In 2002, the Miami Board of Trustees endorsed the Values Statement presented above, which that has since inspired an expanded version, that today, is our Code of Love and Honor. Named for our traditional Love and Honor greeting, which, in turn comes from our fight song chorus, "Love and Honor to Miami ... " Our code begins with the words, "I Am Miami," thus uniting Miami tradition and values.
Code of Love and Honor
I Am Miami.
I believe that a liberal education is grounded in qualities of character and intellect.
I stand for honesty, integrity, and the importance of moral conduct.
I respect the dignity, rights, and property of others and their right to hold and express disparate beliefs.
I defend the freedom of inquiry that is the heart of learning.
I exercise good judgment and believe in personal responsibility.
I welcome a diversity of people, ideas, and experiences.
I embrace the spirit, academic rigor, opportunities, and challenges of a Miami Experience, preparing me to make the world a better place.
I demonstrate Love and Honor by supporting my fellow Miamians.
And because I Am Miami,
I act through my words and deeds in ways that reflect these values and beliefs.

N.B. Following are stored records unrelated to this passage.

(* Let $r\ge 2$ be an integer and $0\le x<\pi$ real. Then $$\int_0^x \theta^{r-2}\log\left(\cos\frac\theta2\right)d\theta=\frac{x^{r-1}}{r-1}\log\left(\cos\frac x2\right)-\frac{(2\pi)^{r-1}}{r-1}\log\mathcal C_r\left(\frac x{2\pi}\right).$$
   Context: For an integer $r\ge2$ let $P_r(y)=(1-y)\exp\left(y+\frac{y^2}{2}+\cdots+\frac{y^r}{r}\right)$. The multiple cosine function of Kurokawa–Koyama of order $r\ge2$ is $\mathcal C_r(x)=\prod_{n\ge1,\ n\text{ odd}}\left\{P_r\left(\frac{x}{n/2}\right)P_r\left(-\frac{x}{n/2}\right)^{(-1)^{r-1}}\right\}^{(n/2)^{r-1}}$, interpreted as $\mathcal C_r(x)=\exp\Big(\sum_{n\ge1,\,n\text{ odd}}(n/2)^{r-1}\big[\operatorname{Log}P_r(2x/n)+(-1)^{r-1}\operatorname{Log}P_r(-2x/n)\big]\Big)$, where $\operatorname{Log}P_r(y):=\operatorname{Log}(1-y)+y+\frac{y^2}{2}+\cdots+\frac{y^r}{r}$ with $\operatorname{Log}$ the principal branch. The series converges and defines a holomorphic function on $D=\mathbb C\setminus\big((-\infty,-\tfrac12]\cup[\tfrac12,\infty)\big)$, positive on $(-\tfrac12,\tfrac12)$; $\log\mathcal C_r(x)$ denotes the exponent above (the real logarithm for real $|x|<\tfrac12$). *)

theory Defs
  imports "HOL-Analysis.Analysis"
begin

definition LogP :: "nat \<Rightarrow> complex \<Rightarrow> complex" where
  "LogP r y = Ln (1 - y) + (\<Sum>k=1..r. y ^ k / of_nat k)"

definition logC :: "nat \<Rightarrow> complex \<Rightarrow> complex" where
  "logC r x = (\<Sum>m. (of_nat (2*m+1) / 2) ^ (r - 1) *
      (LogP r (2 * x / of_nat (2*m+1)) + (-1) ^ (r - 1) * LogP r (- 2 * x / of_nat (2*m+1))))"

end

theory Submission
  imports Defs
begin

text \<open>Termwise differentiation of the series defining \<open>log C\<^sub>r\<close> gives
  \<open>(log C\<^sub>r)'(y) = - \<pi> y\<^sup>r\<^sup>-\<^sup>1 tan (\<pi> y)\<close>, once the partial fraction expansion of \<open>tan\<close>
  is obtained by differentiating the logarithm of the Euler product for \<open>cos (\<pi> y)\<close>.
  As \<open>(ln cos (\<theta>/2))' = - tan (\<theta>/2) / 2\<close>, the right-hand side of the theorem is then an
  antiderivative of \<open>\<theta>\<^sup>r\<^sup>-\<^sup>2 ln cos (\<theta>/2)\<close> vanishing at \<open>0\<close>, and the fundamental theorem of
  calculus concludes.\<close>

lemma termwise_has_real_derivative_suminf:
  fixes f f' :: "nat \<Rightarrow> real \<Rightarrow> real"
  assumes deriv: "\<And>m y. \<bar>y\<bar> < a \<Longrightarrow> (f m has_real_derivative f' m y) (at y)"
    and bound: "\<And>m y. \<bar>y\<bar> < a \<Longrightarrow> \<bar>f' m y\<bar> \<le> M m" and M: "summable M"
    and f0: "summable (\<lambda>m. f m 0)" and y: "\<bar>y\<bar> < a"
  shows "summable (\<lambda>m. f m y)"
    and "((\<lambda>y. \<Sum>m. f m y) has_real_derivative (\<Sum>m. f' m y)) (at y)"
proof -
  let ?S = "{-a<..<a}"
  have S: "\<bar>y\<bar> < a \<longleftrightarrow> y \<in> ?S" for y by auto
  have "uniformly_convergent_on ?S (\<lambda>n y. \<Sum>m<n. f' m y)"
    using bound M by (intro Weierstrass_m_test') (auto simp: S)
  moreover have "(f m has_real_derivative f' m z) (at z within ?S)" if "z \<in> ?S" for m z
    using deriv that by (auto intro: has_field_derivative_at_within)
  moreover have "0 \<in> ?S" "y \<in> interior ?S" using y by auto
  ultimately show "summable (\<lambda>m. f m y)"
    and "((\<lambda>y. \<Sum>m. f m y) has_real_derivative (\<Sum>m. f' m y)) (at y)"
    using has_field_derivative_series'[OF convex_real_interval(8)] f0 by blast+
qed

lemma summable_divide_Suc_sq: "summable (\<lambda>m. c / real (Suc m) ^ 2)"
proof -
  have "summable (\<lambda>m. inverse (real m ^ 2))" using inverse_power_summable[of 2] by simp
  then have "summable (\<lambda>m. inverse (real (Suc m) ^ 2))" by (subst summable_Suc_iff)
  then show ?thesis by (simp add: divide_inverse summable_mult)
qed

lemma four_sq_less_one:
  fixes y :: real assumes "\<bar>y\<bar> < 1/2" shows "4*y^2 < 1"
proof -
  have "(2*y)^2 < 1" using assms by (subst abs_square_less_1) simp
  then show ?thesis by (simp add: power_mult_distrib)
qed

lemma cos_pi_pos:
  fixes y :: real assumes "\<bar>y\<bar> < 1/2" shows "cos (pi*y) > 0"
proof (rule cos_gt_zero_pi)
  have "\<bar>pi*y\<bar> < pi/2" using assms by (simp add: abs_mult)
  then show "- (pi/2) < pi*y" "pi*y < pi/2" by linarith+
qed

lemma prod_one_minus_sq_even_odd_split:
  fixes y :: real
  shows "(\<Prod>k=1..2*N. 1 - (2*y)^2/(real k)^2) =
     (\<Prod>m<N. 1 - 4*y^2/(real(2*m+1))^2) * (\<Prod>k=1..N. 1 - y^2/(real k)^2)"
proof (induction N)
  case 0 then show ?case by simp
next
  case (Suc N)
  define g where "g k = 1 - (2*y)^2/(real k)^2" for k
  have "2 * Suc N = Suc (Suc (2*N))" by simp
  then have "(\<Prod>k=1..2*Suc N. g k) = (\<Prod>k=1..2*N. g k) * g (2*N+1) * g (Suc N * 2)"
    by (simp add: mult.commute)
  moreover have "g (2*N+1) = 1 - 4*y^2/(real (2*N+1))^2"
    by (simp add: g_def power_mult_distrib)
  moreover have "g (Suc N * 2) = 1 - y^2/(real (Suc N))^2"
    by (simp only: g_def of_nat_mult power_mult_distrib) simp
  ultimately show ?case
    using Suc.IH by (simp add: g_def mult_ac)
qed

lemma cos_product_formula_real:
  fixes y :: real
  assumes "\<bar>y\<bar> < 1/2"
  shows "(\<lambda>N. \<Prod>m<N. 1 - 4*y^2/(real(2*m+1))^2) \<longlonglongrightarrow> cos (pi*y)"
proof (cases "y = 0")
  case True then show ?thesis by simp
next
  case False
  txt \<open>\<open>cos (\<pi> y) = sin (2\<pi> y) / (2 sin (\<pi> y))\<close>: divide the sine product at \<open>2y\<close>, truncated
    after \<open>2N\<close> factors, by the one at \<open>y\<close>.\<close>
  define P where "P z N = (\<Prod>k=1..N. 1 - z^2/(real k)^2)" for z :: real and N
  have "P y N \<noteq> 0" for N
  proof -
    have "y^2/(real k)^2 < 1" if "1 \<le> k" for k :: nat
    proof -
      have k: "real k \<ge> 1" using that by simp
      then have "y^2 < (real k)^2"
        using four_sq_less_one[OF assms] zero_le_power2[of y] one_le_power[OF k, of 2] by linarith
      then show ?thesis using k by (simp add: field_simps)
    qed
    then show ?thesis unfolding P_def by (subst prod_zero_iff) fastforce+
  qed
  have sin_nz: "sin (pi*y) \<noteq> 0"
  proof
    assume "sin (pi*y) = 0"
    then obtain n :: int where "y = of_int n" using sin_zero_iff_int2 by auto
    with assms False show False by (cases n rule: int_cases3) auto
  qed
  have "(\<lambda>N. P (2*y) (N*2) / P y N) \<longlonglongrightarrow> (sin (pi*(2*y))/(pi*(2*y))) / (sin (pi*y)/(pi*y))"
    unfolding P_def using False sin_nz
    by (intro tendsto_divide LIMSEQ_linear[OF sin_product_formula_real'] sin_product_formula_real') auto
  also have "(sin (pi*(2*y))/(pi*(2*y))) / (sin (pi*y)/(pi*y)) = cos (pi*y)"
    using False sin_nz sin_double[of "pi*y"] by (simp add: field_simps)
  also have "(\<lambda>N. P (2*y) (N*2) / P y N) = (\<lambda>N. \<Prod>m<N. 1 - 4*y^2/(real(2*m+1))^2)"
  proof
    fix N
    have "P (2*y) (N*2) = (\<Prod>m<N. 1 - 4*y^2/(real(2*m+1))^2) * P y N"
      unfolding P_def by (subst mult.commute) (rule prod_one_minus_sq_even_odd_split)
    then show "P (2*y) (N*2) / P y N = (\<Prod>m<N. 1 - 4*y^2/(real(2*m+1))^2)"
      using \<open>P y N \<noteq> 0\<close> by simp
  qed
  finally show ?thesis .
qed

lemma ln_cos_pi_sums:
  fixes y :: real
  assumes "\<bar>y\<bar> < 1/2"
  shows "(\<lambda>m. ln (1 - 4*y^2/(real(2*m+1))^2)) sums ln (cos (pi*y))"
proof -
  have pos: "1 - 4*y^2/(real(2*m+1))^2 > 0" for m
  proof -
    have "4*y^2 < 1" using four_sq_less_one[OF assms] .
    also have "1 \<le> (real(2*m+1))^2" by simp
    finally show ?thesis by (simp add: field_simps)
  qed
  have "(\<lambda>N. ln (\<Prod>m<N. 1 - 4*y^2/(real(2*m+1))^2)) \<longlonglongrightarrow> ln (cos (pi*y))"
    using cos_pi_pos[OF assms] by (intro tendsto_ln cos_product_formula_real assms) simp
  moreover have "ln (\<Prod>m<N. 1 - 4*y^2/(real(2*m+1))^2) = (\<Sum>m<N. ln (1 - 4*y^2/(real(2*m+1))^2))" for N
    using pos by (intro ln_prod) (auto simp: less_imp_neq[symmetric])
  ultimately show ?thesis unfolding sums_def by simp
qed

lemma abs_tan_partial_fraction_term_le:
  fixes a y :: real
  assumes a: "a < 1/2" and y: "\<bar>y\<bar> \<le> a"
  shows "\<bar>8*y/((real(2*m+1))^2 - 4*y^2)\<bar> \<le> 8*a/(1 - 4*a^2) / real (Suc m) ^ 2"
proof -
  define n where "n = real(2*m+1)"
  have "real (Suc m) \<le> n" "1 \<le> n" by (simp_all add: n_def)
  then have n: "real (Suc m) ^ 2 \<le> n^2" "1 \<le> n^2"
    by (auto intro: power_mono one_le_power)
  have "y^2 \<le> a^2" using y by (metis abs_le_square_iff abs_of_nonneg abs_ge_zero order_trans)
  have a2: "4*a^2 < 1" using a y by (intro four_sq_less_one) auto
  have "real (Suc m) ^ 2 * (1 - 4*a^2) \<le> n^2 * (1 - 4*a^2)"
    using n(1) a2 by (intro mult_right_mono) auto
  also have "\<dots> = n^2 - 4*(a^2*n^2)" by (simp add: algebra_simps)
  also have "\<dots> \<le> n^2 - 4*y^2"
    using mult_left_mono[OF n(2), of "a^2"] \<open>y^2 \<le> a^2\<close> by simp
  finally have den: "real (Suc m) ^ 2 * (1 - 4*a^2) \<le> n^2 - 4*y^2" .
  moreover have "0 < real (Suc m) ^ 2 * (1 - 4*a^2)" using a2 by simp
  ultimately have "\<bar>8*y/(n^2 - 4*y^2)\<bar> = 8*\<bar>y\<bar> / (n^2 - 4*y^2)"
    by (simp add: abs_div abs_mult)
  also have "\<dots> \<le> 8*a / (real (Suc m) ^ 2 * (1 - 4*a^2))"
    using den a2 y by (intro frac_le) auto
  finally show ?thesis by (simp add: n_def field_simps)
qed

lemma has_real_derivative_ln_one_minus_sq:
  fixes n y :: real
  assumes n: "n > 0" and y: "4*y^2 < n^2"
  shows "((\<lambda>y. ln (1 - 4*y^2/n^2)) has_real_derivative - (8*y/(n^2 - 4*y^2))) (at y)"
proof -
  have pos: "0 < 1 - 4*y^2/n^2" using n y by (simp add: field_simps)
  have "((\<lambda>y. 1 - 4*y^2/n^2) has_real_derivative -(8*y)/n^2) (at y)"
    using n by (auto intro!: derivative_eq_intros simp: field_simps eval_nat_numeral)
  from DERIV_chain2[OF DERIV_ln_divide[OF pos] this]
  have "((\<lambda>y. ln (1 - 4*y^2/n^2)) has_real_derivative (1/(1 - 4*y^2/n^2)) * (-(8*y)/n^2)) (at y)" .
  also have "(1/(1 - 4*y^2/n^2)) * (-(8*y)/n^2) = - (8*y/(n^2 - 4*y^2))"
    using pos n y by (simp add: field_simps)
  finally show ?thesis .
qed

With a deep sense of accomplishment and gratitude,
I will Love, Honor, and make proud those who help me earn the joy and privilege of saying,
"To think that in such a place, I led such a life."
An act of Congress signed by George Washington in 1792 stipulated that a university be located in the Miami Valley north of the Ohio River. The official act to establish Miami University was passed on February 17, 1809. Miami is the tenth oldest public university in the nation and its name reflects the history of the tribe that once inhabited the area known as Ohio’s Miami Valley.
Delayed by the War of 1812, instruction began in 1824 with a president, two faculty, and 20 students. Enrollment grew rapidly, reaching 250 by 1839.
In the 1830s, William Holmes McGuffey wrote the first of his Eclectic Readers while a Miami professor. Among the many talented young students was Benjamin Harrison, who graduated in 1852; he was elected the 23rd president of the United States in 1888.
A few years after the Civil War, with changed conditions and advancing prices, the income of the university became insufficient to support its work. Miami closed in 1873, opening 12 years later when resources had accumulated and the state of Ohio began a policy of appropriating public funds for support.
Coeducation began in 1888; by 1903 there were more than 100 women on campus - one third of the total enrollment. Our first African American student, Nelly Craig, graduated in 1905.
Many other milestones have been reached. The concept of artist-in-residence began here. Beginning in 1835, four national fraternities were founded here, giving Miami a nickname, "Mother of Fraternities." Another nickname is "Cradle of Coaches," referring to the coaching success of so many former players and coaches. Ohio's first intercollegiate football game was played at Miami in 1888 against the University of Cincinnati.
In the beginning, the course of study at Miami was strictly classical. Over the years, new academic divisions were added to meet the changing needs of students and society: education in 1902, business in 1927, fine arts in 1929, graduate programs in 1947, engineering and applied science in 1959, interdisciplinary studies in 1974, and professional studies and applied sciences in 2013.
In 1974, Miami acquired the Western College for Women, a 120-year-old private institution adjoining the Oxford campus.
Miami’s Middletown and Hamilton campuses opened in 1966 and 1968, respectively. Also in 1968, Miami opened a European center, now named John E. Dolibois European Campus, in Luxembourg. Miami’s Voice of America Learning Center in West Chester opened in 2009.
A number of campus buildings are listed in the National Register of Historic Places, including Elliott, Stoddard, and Peabody halls, and the Western College for Women Historic District. The McGuffey Museum is a National Historic Landmark.